Une discipline souvent négligée
D’après l’enquête de l’Espen, dans certains pays européens les modules de nutrition ne sont proposés qu’aux étudiants de premier cycle. Pire, dans certaines facultés, l’enseignement est facultatif ou dérisoire : deux heures de cours de nutrition sur l’ensemble du cursus, par exemple. « La nutrition souffre de son caractère transversal : dans certaines universités européennes, elle n’est pas considérée comme une spécialité en tant que telle.
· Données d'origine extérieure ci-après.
lemma core_word_Cons_eq_Cons:
  assumes "half_shape (t # \<rho>) \<mu>" "half_shape (t' # \<rho>') \<mu>'"
    and "core_word (t # \<rho>) \<mu> = core_word (t' # \<rho>') \<mu>'"
  shows "t = t'"
proof -
  have hds: "hd (core_word (TH # r) m) = Lh" "hd (core_word (TR # r) m) = Lr" "hd (core_word (TU # r) m) = Lu" for r m
    by (simp_all add: core_word_TH core_word_TR core_word_TU)
  have lasts: "last (core_word (TH # r) m) = Lh" "last (core_word (TR # r) m) = Lr" "last (core_word (TD # r) m) = Lu" for r m
    by (simp_all add: core_word_TH core_word_TR core_word_TD)
  have "t = TU \<Longrightarrow> last (core_word (t # \<rho>) \<mu>) \<noteq> Lu" "t' = TU \<Longrightarrow> last (core_word (t' # \<rho>') \<mu>') \<noteq> Lu"
    using last_core_word_TU assms(1,2) by auto
  then show ?thesis using assms(3) hds lasts by (cases t; cases t') (metis letter.distinct)+
qed

lemma core_word_inj:
  "half_shape \<alpha> \<mu> \<Longrightarrow> half_shape \<alpha>' \<mu>' \<Longrightarrow> core_word \<alpha> \<mu> = core_word \<alpha>' \<mu>' \<Longrightarrow> \<alpha> = \<alpha>' \<and> \<mu> = \<mu>'"
proof (induction \<alpha> arbitrary: \<alpha>')
  case Nil
  then have mu: "middle \<mu>" "middle \<mu>'" unfolding half_shape_def by auto
  show ?case
  proof (cases \<alpha>')
    case Nil
    then have "fwd_letters \<mu> = fwd_letters \<mu>'" using Nil.prems(3) unfolding core_word_def by simp
    then show ?thesis using Nil mu by auto
  qed (use Nil.prems mu core_word_Nil_neq_Cons in blast)
next
  case (Cons t \<rho>)
  show ?case
  proof (cases \<alpha>')
    case Nil
    then show ?thesis using Cons.prems core_word_Nil_neq_Cons unfolding half_shape_def by metis
  next
    case (Cons t' \<rho>')
    note prems = Cons.prems[unfolded Cons]
    have tt: "t = t'" using core_word_Cons_eq_Cons[OF prems] .
    have "core_word \<rho> \<mu> = core_word \<rho>' \<mu>'"
      using prems(3) tt by (cases t) (auto simp: core_word_TH core_word_TR core_word_TU core_word_TD)
    then show ?thesis using Cons.IH[OF half_shape_tl[OF prems(1)] half_shape_tl[OF prems(2)]] Cons tt by simp
  qed
qed

lemma half_path_half_shape:
  "half_path n \<alpha> \<mu> \<Longrightarrow> half_shape \<alpha> \<mu>" unfolding half_path_def half_shape_def by simp

lemma path_word_inj:
  "half_path n \<alpha> \<mu> \<Longrightarrow> half_path n' \<alpha>' \<mu>' \<Longrightarrow> path_word \<alpha> \<mu> = path_word \<alpha>' \<mu>' \<Longrightarrow> \<alpha> = \<alpha>' \<and> \<mu> = \<mu>'"
  using core_word_inj[OF half_path_half_shape half_path_half_shape] unfolding path_word_def by blast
Cette situation n’est pas tenable, d’autant que de nombreuses pathologies sont liées au mode de vie et à l’alimentation », rappelle le Pr Schneider. De fait, plus de deux milliards d’adultes sont en surpoids, 600 millions sont en situation d’obésité et 462 millions sont dénutris. Ces pathologies augmentent le risque d’hospitalisation et de décès liés à des comorbidités, telles que les maladies cardiovasculaires et les cancers. « Il est urgent d’améliorer la formation des médecins pour mieux prendre en charge les pathologies ayant une composante nutritionnelle », insiste le Pr Schneider.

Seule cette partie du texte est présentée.